If a line in the data below holds the word "sums", include it in the count. Give only the final number.

[Saved data entries]
- - - - -

lemma sum_col_sum_eq_sum_card:
  assumes "N \<in> zero_one_matrices m n" "T \<subseteq> {1..n}"
  shows "(\<Sum>j\<in>T. col_sum m N j) = (\<Sum>r = 1..m. card (row_support n N r \<inter> T))"
proof -
  have "finite T" using assms(2) finite_subset by blast
  have "(\<Sum>j\<in>T. col_sum m N j) = (\<Sum>r = 1..m. \<Sum>j\<in>T. of_bool (j \<in> row_support n N r))"
    unfolding col_sum_def using zero_one_entry[OF assms(1)] assms(2)
    by (subst sum.swap) (intro sum.cong; blast)
  also have "\<dots> = (\<Sum>r = 1..m. card (row_support n N r \<inter> T))"
    using \<open>finite T\<close> by (simp add: Int_commute)
  finally show ?thesis .
qed

text \<open>The sum of the column sums over \<open>T\<close> is \<open>\<Sum>\<^sub>r |row\<^sub>r \<inter> T|\<close>. For \<open>N\<close> every
  term is as large as row sums and \<open>|T|\<close> allow, so in \<open>M\<close>, which has the same total,
  every term must be maximal as well.\<close>
lemma matrix_class_comparable_rows:
  assumes M: "M \<in> matrix_class m n R S" and N: "N \<in> matrix_class m n R S"
    and T: "T \<subseteq> {1..n}"
    and comparable: "\<And>q. q \<in> {1..m} \<Longrightarrow> row_support n N q \<subseteq> T \<or> T \<subseteq> row_support n N q"
    and r: "r \<in> {1..m}"
  shows "T \<subseteq> row_support n N r \<Longrightarrow> T \<subseteq> row_support n M r"
    and "row_support n N r \<subseteq> T \<Longrightarrow> row_support n M r \<subseteq> T"
proof -
  have "finite T" using T finite_subset by blast
  have fin: "finite (row_support n X q)" for X q unfolding row_support_def by auto
  have M01: "M \<in> zero_one_matrices m n" and N01: "N \<in> zero_one_matrices m n"
    using M N unfolding matrix_class_def by auto
  have same_card: "card (row_support n M q) = card (row_support n N q)" if "q \<in> {1..m}" for q
    using M N that row_sum_eq_card[OF M01] row_sum_eq_card[OF N01]
    unfolding matrix_class_def by auto
  have "(\<Sum>j\<in>T. col_sum m M j) = (\<Sum>j\<in>T. col_sum m N j)"
    using M N T unfolding matrix_class_def by (intro sum.cong) auto
  then have total: "(\<Sum>q = 1..m. card (row_support n M q \<inter> T)) =
      (\<Sum>q = 1..m. card (row_support n N q \<inter> T))"
    using sum_col_sum_eq_sum_card[OF M01 T] sum_col_sum_eq_sum_card[OF N01 T] by simp
  have termwise: "card (row_support n M q \<inter> T) \<le> card (row_support n N q \<inter> T)"
    if q: "q \<in> {1..m}" for q
  proof (cases "T \<subseteq> row_support n N q")
    case True
    then show ?thesis using \<open>finite T\<close> by (simp add: card_mono Int_absorb1)
  next
    case False
    then have "row_support n N q \<inter> T = row_support n N q" using comparable[OF q] by auto
    moreover have "card (row_support n M q \<inter> T) \<le> card (row_support n M q)"
      by (rule card_mono[OF fin]) auto
    ultimately show ?thesis using same_card[OF q] by simp
  qed
  have eq: "card (row_support n M r \<inter> T) = card (row_support n N r \<inter> T)"
    using sum_mono_inv[OF total termwise r] r by auto
  show "T \<subseteq> row_support n M r" if "T \<subseteq> row_support n N r"
  proof -
    have "card (row_support n M r \<inter> T) = card T" using eq that by (simp add: Int_absorb1)
    then have "row_support n M r \<inter> T = T" using \<open>finite T\<close> by (intro card_subset_eq) auto
    then show ?thesis by auto
  qed
  show "row_support n M r \<subseteq> T" if "row_support n N r \<subseteq> T"
  proof -
    have "card (row_support n M r \<inter> T) = card (row_support n M r)"
      using eq that same_card[OF r] by (simp add: Int_absorb2)
    then have "row_support n M r \<inter> T = row_support n M r" using fin by (intro card_subset_eq) auto
    then show ?thesis by auto
  qed
qed

lemma col_sum_two_rows:
  assumes "col_sum m M j = col_sum m N j" and pq: "p \<in> {1..m}" "q \<in> {1..m}" "p \<noteq> q"
    and "\<And>r. r \<in> {1..m} - {p, q} \<Longrightarrow> M r j = N r j"
  shows "M p j + M q j = N p j + N q j"
proof -
  have split: "col_sum m X j = (\<Sum>r\<in>{1..m} - {p, q}. X r j) + (X p j + X q j)" for X
    unfolding col_sum_def using pq by (subst sum.subset_diff[of "{p, q}"]) auto
  have "(\<Sum>r\<in>{1..m} - {p, q}. M r j) = (\<Sum>r\<in>{1..m} - {p, q}. N r j)"
    using assms(5) by (rule sum.cong[OF refl])
  then show ?thesis using assms(1) split[of M] split[of N] by simp
qed

lemma one_shift_pair_commute: "one_shift_pair I J \<longleftrightarrow> one_shift_pair J I"
  unfolding one_shift_pair_def by blast

lemma one_shift_pair_neq: "one_shift_pair I J \<Longrightarrow> I \<noteq> J"
  unfolding one_shift_pair_def by auto

lemma one_shift_pair_card_eq: "one_shift_pair I J \<Longrightarrow> card I = card J"
  unfolding one_shift_pair_def by auto

lemma one_shift_pair_interval: "one_shift_pair I J \<Longrightarrow> \<exists>a b. I = {a..b}"
  unfolding one_shift_pair_def by blast

lemma between_shifted_intervals:
  fixes a b :: nat
  assumes "{a+1..b} \<subseteq> X" "X \<subseteq> {a..b+1}" "card X = b + 1 - a" "a < b"
  shows "X = {a..b} \<or> X = {a+1..b+1}"
proof -
  have X: "X = {a+1..b} \<union> (X \<inter> {a, b+1})" using assms(1,2) by auto
  have "card X = card {a+1..b} + card (X \<inter> {a, b+1})"
    by (subst X, rule card_Un_disjoint) auto
  then have "card (X \<inter> {a, b+1}) = 1" using assms(3,4) by simp
  then obtain c where c: "X \<inter> {a, b+1} = {c}" by (rule card_1_singletonE)
  then have "c = a \<or> c = b + 1" by auto
  then show ?thesis
  proof
    assume "c = a"
    then have "X = insert a {a+1..b}" using X c by auto
    then show ?thesis using assms(4) by auto
  next
    assume "c = b + 1"
    then have "X = insert (b+1) {a+1..b}" using X c by auto
    then show ?thesis using assms(4) by auto
  qed
qed

lemma one_shift_pair_between:
  assumes "one_shift_pair I J" "I \<inter> J \<subseteq> X" "X \<subseteq> I \<union> J" "card X = card I"
  shows "X = I \<or> X = J"
proof -
  obtain a b where "a < b" and ab: "{I, J} = {{a..b}, {a+1..b+1}}"
    using assms(1) unfolding one_shift_pair_def by auto
  then have "I \<inter> J = {a+1..b}" "I \<union> J = {a..b+1}" "card I = b + 1 - a"
    by (auto simp: doubleton_eq_iff)
  then have "X = {a..b} \<or> X = {a+1..b+1}"
    using assms(2-4) \<open>a < b\<close> by (intro between_shifted_intervals) auto
  then show ?thesis using ab by (auto simp: doubleton_eq_iff)
qed

definition pair_index :: "nat \<Rightarrow> nat \<Rightarrow> nat" where
  "pair_index k r = (if r \<le> k then r else 2 * k + 1 - r)"

definition pair_row :: "nat \<Rightarrow> (nat \<Rightarrow> nat set) \<Rightarrow> (nat \<Rightarrow> nat set) \<Rightarrow> nat \<Rightarrow> nat set" where
  "pair_row k J J' r = (if r \<le> k then J r else J' (2 * k + 1 - r))"

lemma pair_index_range: "r \<in> {1..2*k} \<Longrightarrow> pair_index k r \<in> {1..k}"
  unfolding pair_index_def by auto

lemma pair_index_eq_iff:
  "r \<in> {1..2*k} \<Longrightarrow> pair_index k r = p \<longleftrightarrow> r = p \<and> p \<le> k \<or> r = 2 * k + 1 - p \<and> r > k"
  unfolding pair_index_def by auto

lemma pair_row_low: "p \<le> k \<Longrightarrow> pair_row k J J' p = J p"
  unfolding pair_row_def by simp

lemma pair_row_high: "p \<in> {1..k} \<Longrightarrow> pair_row k J J' (2 * k + 1 - p) = J' p"
  unfolding pair_row_def by auto

lemma pair_row_cases: "pair_row k J J' r = J (pair_index k r) \<or> pair_row k J J' r = J' (pair_index k r)"
  unfolding pair_row_def pair_index_def by auto

lemma pair_matrix_eq: "pair_matrix k J J' i j = of_bool (i \<in> {1..2*k} \<and> j \<in> pair_row k J J' i)"
  unfolding pair_matrix_def pair_row_def by auto

lemma col_sum_pair_matrix:
  "col_sum (2*k) (pair_matrix k J J') j = (\<Sum>p = 1..k. of_bool (j \<in> J p) + of_bool (j \<in> J' p))"
proof -
  have "col_sum (2*k) (pair_matrix k J J') j
      = (\<Sum>i = 1..k. pair_matrix k J J' i j) + (\<Sum>i = k+1..2*k. pair_matrix k J J' i j)"
    unfolding col_sum_def by (subst sum.union_disjoint[symmetric]) (auto intro: sum.cong)
  also have "(\<Sum>i = 1..k. pair_matrix k J J' i j) = (\<Sum>p = 1..k. of_bool (j \<in> J p))"
    by (rule sum.cong) (auto simp: pair_matrix_def)
  also have "(\<Sum>i = k+1..2*k. pair_matrix k J J' i j) = (\<Sum>p = 1..k. of_bool (j \<in> J' p))"
    by (rule sum.reindex_bij_witness[where i="\<lambda>i. 2*k+1-i" and j="\<lambda>i. 2*k+1-i"])
       (auto simp: pair_matrix_def)
  finally show ?thesis by (simp add: sum.distrib)
qed

definition swap_on :: "nat set \<Rightarrow> (nat \<Rightarrow> 'a) \<Rightarrow> (nat \<Rightarrow> 'a) \<Rightarrow> nat \<Rightarrow> 'a" where
  "swap_on F f g p = (if p \<in> F then g p else f p)"

lemma swap_on_Un: "swap_on F f g p \<union> swap_on F g f p = f p \<union> g p"
  unfolding swap_on_def by auto

lemma swap_on_Int: "swap_on F f g p \<inter> swap_on F g f p = f p \<inter> g p"
  unfolding swap_on_def by auto

locale nested_shift_pairs =
  fixes k n :: nat and I I' :: "nat \<Rightarrow> nat set"
  assumes within: "\<And>p. p \<in> {1..k} \<Longrightarrow> I p \<union> I' p \<subseteq> {1..n}"
    and shift_pair: "\<And>p. p \<in> {1..k} \<Longrightarrow> one_shift_pair (I p) (I' p)"
    and nested: "\<And>p. p \<in> {2..k} \<Longrightarrow> I (p - 1) \<union> I' (p - 1) \<subseteq> I p \<inter> I' p"
begin

abbreviation A :: "nat \<Rightarrow> nat \<Rightarrow> nat" where
  "A \<equiv> pair_matrix k I I'"

abbreviation \<A> :: "(nat \<Rightarrow> nat \<Rightarrow> nat) set" where
  "\<A> \<equiv> matrix_class (2*k) n (row_sum n A) (col_sum (2*k) A)"

lemma nested_less:
  assumes "p \<in> {1..k}" "q \<le> k" "p < q"
  shows "I p \<union> I' p \<subseteq> I q \<inter> I' q"
  using \<open>p < q\<close> \<open>q \<le> k\<close>
proof (induction q)
  case 0
  then show ?case by simp
next
  case (Suc q)
  have step: "I q \<union> I' q \<subseteq> I (Suc q) \<inter> I' (Suc q)"
    using nested[of "Suc q"] Suc.prems assms(1) by auto
  show ?case
  proof (cases "p = q")
    case True
    then show ?thesis using step by simp
  next
    case False
    then have "I p \<union> I' p \<subseteq> I q \<inter> I' q" using Suc by simp
    then show ?thesis using step by blast
  qed
qed

lemma pair_row_mono:
  assumes "r \<in> {1..2*k}" "r' \<in> {1..2*k}" "pair_index k r < pair_index k r'"
  shows "pair_row k I I' r \<subseteq> pair_row k I I' r'"
proof -
  let ?p = "pair_index k r" and ?q = "pair_index k r'"
  have "pair_row k I I' r \<subseteq> I ?p \<union> I' ?p" using pair_row_cases by blast
  also have "\<dots> \<subseteq> I ?q \<inter> I' ?q"
    using nested_less pair_index_range assms by (meson atLeastAtMost_iff)
  also have "\<dots> \<subseteq> pair_row k I I' r'" using pair_row_cases by blast
  finally show ?thesis .
qed
definition unimodular :: "int set \<Rightarrow> 'a::comm_ring_1 vec \<Rightarrow> bool" where
  "unimodular I v \<longleftrightarrow> (\<exists>c. (\<Sum>i\<in>I. c i * v i) = 1)"

definition q_even :: "nat \<Rightarrow> 'a::comm_ring_1 vec \<Rightarrow> 'a" where
  "q_even r x = (\<Sum>i=1..int r. x i * x (-i))"

definition q_odd :: "nat \<Rightarrow> 'a::comm_ring_1 vec \<Rightarrow> 'a" where
  "q_odd r x = x 0 ^ 2 + (\<Sum>i=1..int r. x i * x (-i))"

definition IUm_even :: "nat \<Rightarrow> 'a::comm_ring_1 vec set" where
  "IUm_even r = {b. unimodular (idx_even r) b \<and> q_even r b = 0}"

definition IUm_odd :: "nat \<Rightarrow> 'a::comm_ring_1 vec set" where
  "IUm_odd r = {b. unimodular (idx_odd r) (\<lambda>i. if i = 0 then 2 * b 0 else b i) \<and> q_odd r b = 0}"

text \<open>A = B[y] is 'b poly; A[z] is 'b poly poly with outer variable z.
  For p(y) in B[y], subst_yz s m p is p(y + s^m z) in B[y][z].\<close>
definition subst_yz :: "'b::comm_ring_1 \<Rightarrow> nat \<Rightarrow> 'b poly \<Rightarrow> 'b poly poly" where
  "subst_yz s m p = poly (map_poly (\<lambda>c. [:[:c:]:]) p) ([:[:0, 1:]:] + [:0, [:s ^ m:]:])"

end

theory Submission
  imports Defs
begin

text \<open>Write \<open>b(y + z) = b + z w\<close> and \<open>s = \<langle>a, b\<^sub>+\<rangle>\<close> with \<open>a\<close> supported on \<open>1, \<dots>, r - 1\<close>.
  The relations \<open>\<langle>a, b\<^sub>+\<rangle> = s\<close> and \<open>q(b) = 0\<close> persist after the substitution, and, since \<open>z\<close>
  is not a zero divisor, they give polynomial identities between \<open>a\<close>, \<open>b\<close>, \<open>w\<close> and the tail of \<open>a\<close>,
  which survive scaling \<open>z\<close> to \<open>s\<^sup>3 z\<close>. With their help one writes down a Siegel element and
  two rank-one Levi elements of the parabolic subgroup stabilising \<open>span(e\<^sub>-\<^sub>1, \<dots>, e\<^sub>-\<^sub>r)\<close>, whose product maps
  \<open>b\<close> to \<open>b(y + s\<^sup>3z) = b + s\<^sup>3z w\<close> (in the odd case after some root elements through \<open>e\<^sub>0\<close>).
  The Siegel element is a product of \<open>r(r - 1)/2\<close> transvections, and a rank-one Levi element
  \<open>1 + p q\<^sup>t\<close> with \<open>p\<^sub>l = 0\<close> is a commutator of elements with a unit vector as one factor,
  each of which is a product of at most \<open>r - 1\<close> transvections; counting gives the bounds.\<close>

definition dot_pos :: "nat \<Rightarrow> 'a::comm_ring_1 vec \<Rightarrow> 'a vec \<Rightarrow> 'a" where
  "dot_pos r x y = (\<Sum>j\<in>{1..int r}. x j * y j)"

definition dot_neg :: "nat \<Rightarrow> 'a::comm_ring_1 vec \<Rightarrow> 'a vec \<Rightarrow> 'a" where
  "dot_neg r x y = (\<Sum>j\<in>{1..int r}. x j * y (-j))"

definition unit_vec :: "int \<Rightarrow> 'a::comm_ring_1 vec" where
  "unit_vec l k = (if k = l then 1 else 0)"

lemma dot_pos_commute: "dot_pos r x y = dot_pos r y x"
  by (simp add: dot_pos_def mult.commute)

lemma dot_pos_reflect: "dot_pos r (\<lambda>k. y (-k)) x = dot_neg r x y"
  by (simp add: dot_pos_def dot_neg_def mult.commute)

lemma dot_pos_add_left [simp]: "dot_pos r (\<lambda>k. x k + y k) z = dot_pos r x z + dot_pos r y z"
  by (simp add: dot_pos_def algebra_simps sum.distrib)

lemma dot_pos_add_right [simp]: "dot_pos r z (\<lambda>k. x k + y k) = dot_pos r z x + dot_pos r z y"
  by (simp add: dot_pos_def algebra_simps sum.distrib)

lemma dot_pos_diff_left [simp]: "dot_pos r (\<lambda>k. x k - y k) z = dot_pos r x z - dot_pos r y z"
  by (simp add: dot_pos_def algebra_simps sum_subtractf)

lemma dot_pos_diff_right [simp]: "dot_pos r z (\<lambda>k. x k - y k) = dot_pos r z x - dot_pos r z y"
  by (simp add: dot_pos_def algebra_simps sum_subtractf)

lemma dot_pos_minus_left [simp]: "dot_pos r (\<lambda>k. - x k) z = - dot_pos r x z"
  by (simp add: dot_pos_def sum_negf)

lemma dot_pos_minus_right [simp]: "dot_pos r z (\<lambda>k. - x k) = - dot_pos r z x"
  by (simp add: dot_pos_def sum_negf)

lemma dot_pos_scale_left [simp]: "dot_pos r (\<lambda>k. c * x k) z = c * dot_pos r x z"
  by (simp add: dot_pos_def sum_distrib_left algebra_simps)

lemma dot_pos_scale_right [simp]: "dot_pos r z (\<lambda>k. c * x k) = c * dot_pos r z x"
  by (simp add: dot_pos_def sum_distrib_left algebra_simps)

lemma dot_pos_scale_left' [simp]: "dot_pos r (\<lambda>k. x k * c) y = c * dot_pos r x y"
  by (simp add: dot_pos_def sum_distrib_left algebra_simps)

lemma dot_pos_scale_right' [simp]: "dot_pos r y (\<lambda>k. x k * c) = c * dot_pos r y x"
  by (simp add: dot_pos_def sum_distrib_left algebra_simps)

lemma dot_neg_add_left [simp]: "dot_neg r (\<lambda>k. x k + y k) z = dot_neg r x z + dot_neg r y z"
  by (simp add: dot_neg_def algebra_simps sum.distrib)

lemma dot_neg_add_right [simp]: "dot_neg r x (\<lambda>k. y k + z k) = dot_neg r x y + dot_neg r x z"
  by (simp add: dot_neg_def algebra_simps sum.distrib)

lemma dot_neg_minus_left [simp]: "dot_neg r (\<lambda>k. - x k) z = - dot_neg r x z"
  by (simp add: dot_neg_def sum_negf)

lemma dot_neg_scale_left [simp]: "dot_neg r (\<lambda>k. c * x k) z = c * dot_neg r x z"
  by (simp add: dot_neg_def sum_distrib_left algebra_simps)

lemma dot_neg_scale_right [simp]: "dot_neg r x (\<lambda>k. c * y k) = c * dot_neg r x y"
  by (simp add: dot_neg_def sum_distrib_left algebra_simps)

lemma dot_pos_cong_left: "(\<And>k. 1 \<le> k \<Longrightarrow> k \<le> int r \<Longrightarrow> x k = x' k) \<Longrightarrow> dot_pos r x y = dot_pos r x' y"
  unfolding dot_pos_def by (rule sum.cong) auto

lemma dot_pos_cong_right: "(\<And>k. 1 \<le> k \<Longrightarrow> k \<le> int r \<Longrightarrow> y k = y' k) \<Longrightarrow> dot_pos r x y = dot_pos r x y'"
  unfolding dot_pos_def by (rule sum.cong) auto

lemma dot_neg_cong_left: "(\<And>k. 1 \<le> k \<Longrightarrow> k \<le> int r \<Longrightarrow> x k = x' k) \<Longrightarrow> dot_neg r x y = dot_neg r x' y"
  unfolding dot_neg_def by (rule sum.cong) auto

lemma dot_pos_unit_vec_left [simp]: "1 \<le> l \<Longrightarrow> l \<le> int r \<Longrightarrow> dot_pos r (unit_vec l) v = v l"
  by (simp add: dot_pos_def unit_vec_def if_distrib[of "\<lambda>x. x * _"] cong: if_cong)

lemma dot_pos_unit_vec_right [simp]: "1 \<le> l \<Longrightarrow> l \<le> int r \<Longrightarrow> dot_pos r v (unit_vec l) = v l"
  using dot_pos_unit_vec_left dot_pos_commute by metis

lemma dot_neg_unit_vec_left [simp]: "1 \<le> l \<Longrightarrow> l \<le> int r \<Longrightarrow> dot_neg r (unit_vec l) v = v (-l)"
  by (simp add: dot_neg_def unit_vec_def if_distrib[of "\<lambda>x. x * _"] cong: if_cong)

lemma dot_pos_restrict:
  "L \<subseteq> {1..int r} \<Longrightarrow> dot_pos r (\<lambda>k. if k \<in> L then f k else 0) y = (\<Sum>k\<in>L. f k * y k)"
  unfolding dot_pos_def by (simp add: if_distrib[of "\<lambda>x. x * _"] sum.If_cases Int_absorb1 cong: if_cong)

- - - - -

** Result of this task **
2